→ **Exercise requirements**: Scan the records for the word "moreover". Return each line where it is found.

··· Raw data

lemma kyfan_ratio_dominates_imp_desc_payoff_dominates:
  assumes ratio: "kyfan_ratio_dominates n m N m' M" and "0 < m" and "0 < m'"
    and cN: "col_stochastic n m N" and cM: "col_stochastic n m' M"
    and nN: "\<forall>x<m. nonincreasing n (\<lambda>y. N y x)" and nM: "\<forall>w<m'. nonincreasing n (\<lambda>y. M y w)"
  shows "desc_payoff_dominates n m N m' M"
  unfolding desc_payoff_dominates_def
proof (intro allI impI)
  fix s assume "prob_vec_desc n s"
  then have s: "nonincreasing n s" "\<forall>i<n. 0 \<le> s i" by (auto simp: prob_vec_desc_def prob_vec_def)
  obtain a where a: "\<forall>k<n. 0 \<le> a k"
    and abel: "\<And>p. (\<Sum>y<n. s y * p y) = (\<Sum>k<n. a k * (\<Sum>y<Suc k. p y))"
    using nonincreasing_tail_sum_decomposition[OF s] by blast
  let ?max = "Max ((\<lambda>x. \<Sum>y<n. s y * N y x) ` {..<m})"
  obtain w where "w < m'" and w: "Max ((\<lambda>w. \<Sum>y<n. s y * M y w) ` {..<m'}) = (\<Sum>y<n. s y * M y w)"
    by (rule Max_image_lessThan_obtain[OF \<open>0 < m'\<close>])
  define B where "B = (\<Sum>y<n. s y * M y w)"
  show "Max ((\<lambda>w. \<Sum>y<n. s y * M y w) ` {..<m'}) \<le> ?max"
  proof (cases "B \<le> 0")
    case True
    have "0 \<le> (\<Sum>y<n. s y * N y 0)"
      using s cN \<open>0 < m\<close> by (intro sum_nonneg mult_nonneg_nonneg) (auto simp: col_stochastic_def prob_vec_def)
    also have "\<dots> \<le> ?max" using \<open>0 < m\<close> by (intro Max_ge) auto
    finally show ?thesis using True w by (simp add: B_def)
  next
    case False
    define Q where "Q k = (\<Sum>y<Suc k. M y w)" for k
    have Q_pos: "0 < Q k" if "k < n" for k
      using prefix_sum_pos[of n "\<lambda>y. M y w" k] cM nM \<open>w < m'\<close> that
      by (simp add: Q_def col_stochastic_def)
    have B: "B = (\<Sum>k<n. a k * Q k)" unfolding B_def Q_def by (rule abel)
    \<comment> \<open>the distribution that puts on \<open>k\<close> the share of \<open>B\<close> contributed by the \<open>k\<close>-th prefix sum\<close>
    define t where "t k = a k * Q k / B" for k
    have "0 \<le> t k" if "k < n" for k
      using a Q_pos[OF that] False that by (simp add: t_def zero_le_mult_iff)
    then have "prob_vec n t"
      using B False by (simp add: prob_vec_def t_def sum_divide_distrib[symmetric])
    then have "1 \<le> Max ((\<lambda>x. \<Sum>k<n. t k * (kyfan n (\<lambda>y. N y x) (Suc k)
                                        / kyfan n (\<lambda>y. M y w) (Suc k))) ` {..<m})"
      using ratio \<open>w < m'\<close> unfolding kyfan_ratio_dominates_def by blast
    moreover obtain x where "x < m"
      and "Max ((\<lambda>x. \<Sum>k<n. t k * (kyfan n (\<lambda>y. N y x) (Suc k)
                                   / kyfan n (\<lambda>y. M y w) (Suc k))) ` {..<m})
         = (\<Sum>k<n. t k * (kyfan n (\<lambda>y. N y x) (Suc k) / kyfan n (\<lambda>y. M y w) (Suc k)))"
      by (rule Max_image_lessThan_obtain[OF \<open>0 < m\<close>])
    ultimately have "1 \<le> (\<Sum>k<n. t k * (kyfan n (\<lambda>y. N y x) (Suc k)
                                        / kyfan n (\<lambda>y. M y w) (Suc k)))"
      by simp
    also have "\<dots> = (\<Sum>k<n. a k * (\<Sum>y<Suc k. N y x) / B)"
    proof (rule sum.cong)
      fix k assume "k \<in> {..<n}"
      then show "t k * (kyfan n (\<lambda>y. N y x) (Suc k) / kyfan n (\<lambda>y. M y w) (Suc k))
          = a k * (\<Sum>y<Suc k. N y x) / B"
        using nN nM \<open>x < m\<close> \<open>w < m'\<close> Q_pos[of k]
        by (simp add: t_def Q_def kyfan_nonincreasing del: sum.lessThan_Suc)
    qed simp
    also have "\<dots> = (\<Sum>k<n. a k * (\<Sum>y<Suc k. N y x)) / B"
      by (simp add: sum_divide_distrib del: sum.lessThan_Suc)
    also have "\<dots> = (\<Sum>y<n. s y * N y x) / B" by (simp only: abel)
    finally have "B \<le> (\<Sum>y<n. s y * N y x)" using False by (simp add: le_divide_eq)
    also have "\<dots> \<le> ?max" using \<open>x < m\<close> by (intro Max_ge) auto
    finally show ?thesis using w by (simp add: B_def)
  qed
qed

theorem theorem8:
  fixes n m m' :: nat and N M :: "nat \<Rightarrow> nat \<Rightarrow> real"
  assumes "0 < n" and "0 < m" and "0 < m'"
    and "col_stochastic n m N" and "col_stochastic n m' M"
    and "\<forall>x<m. nonincreasing n (\<lambda>y. N y x)"
    and "\<forall>w<m'. nonincreasing n (\<lambda>y. M y w)"
  shows
   "(channel_majorizes n m N m' M
       \<longleftrightarrow> set_majorizes n (conv_channel n m N) (conv_channel n m' M)) \<and>
    (set_majorizes n (conv_channel n m N) (conv_channel n m' M)
       \<longleftrightarrow> (\<exists>S. col_stochastic m m' S \<and>
              (\<forall>w<m'. majorizes n (\<lambda>y. \<Sum>x<m. S x w * N y x) (\<lambda>y. M y w)))) \<and>
    ((\<exists>S. col_stochastic m m' S \<and>
              (\<forall>w<m'. majorizes n (\<lambda>y. \<Sum>x<m. S x w * N y x) (\<lambda>y. M y w)))
       \<longleftrightarrow> (\<forall>s. prob_vec_desc n s \<longrightarrow>
              Max ((\<lambda>w. \<Sum>y<n. s y * M y w) ` {..<m'})
                \<le> Max ((\<lambda>x. \<Sum>y<n. s y * N y x) ` {..<m}))) \<and>
    ((\<forall>s. prob_vec_desc n s \<longrightarrow>
              Max ((\<lambda>w. \<Sum>y<n. s y * M y w) ` {..<m'})
                \<le> Max ((\<lambda>x. \<Sum>y<n. s y * N y x) ` {..<m}))
       \<longleftrightarrow> (\<forall>t. prob_vec n t \<longrightarrow> (\<forall>w<m'.
              1 \<le> Max ((\<lambda>x. \<Sum>k<n. t k * (kyfan n (\<lambda>y. N y x) (Suc k)
                                           / kyfan n (\<lambda>y. M y w) (Suc k))) ` {..<m}))))"
proof -
  note cN = assms(4) and cM = assms(5) and nN = assms(6) and nM = assms(7)
  have "channel_majorizes n m N m' M \<longleftrightarrow> mix_majorizes n m N m' M"
    using channel_majorizes_imp_mix_majorizes[OF _ nN nM]
      mix_majorizes_imp_channel_majorizes[OF _ cN cM nN nM] by blast
  moreover have "set_majorizes n (conv_channel n m N) (conv_channel n m' M) \<longleftrightarrow> mix_majorizes n m N m' M"
    using set_majorizes_imp_mix_majorizes mix_majorizes_imp_set_majorizes[OF _ nN nM] by blast
  moreover have "mix_majorizes n m N m' M \<longleftrightarrow> desc_payoff_dominates n m N m' M"
    using mix_majorizes_imp_desc_payoff_dominates[OF _ \<open>0 < m'\<close> nN nM]
      desc_payoff_dominates_imp_mix_majorizes[OF _ \<open>0 < m\<close> nN nM] by blast
  moreover have "desc_payoff_dominates n m N m' M \<longleftrightarrow> kyfan_ratio_dominates n m N m' M"
    using desc_payoff_dominates_imp_kyfan_ratio_dominates[OF _ \<open>0 < m\<close> cM nN nM]
      kyfan_ratio_dominates_imp_desc_payoff_dominates[OF _ \<open>0 < m\<close> \<open>0 < m'\<close> cN cM nN nM] by blast
  ultimately show ?thesis
    unfolding mix_majorizes_def desc_payoff_dominates_def kyfan_ratio_dominates_def by blast
qed

end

······

→ **Solution below**:
    moreover obtain x where "x < m"
  moreover have "set_majorizes n (conv_channel n m N) (conv_channel n m' M) \<longleftrightarrow> mix_majorizes n m N m' M"
  moreover have "mix_majorizes n m N m' M \<longleftrightarrow> desc_payoff_dominates n m N m' M"
  moreover have "desc_payoff_dominates n m N m' M \<longleftrightarrow> kyfan_ratio_dominates n m N m' M"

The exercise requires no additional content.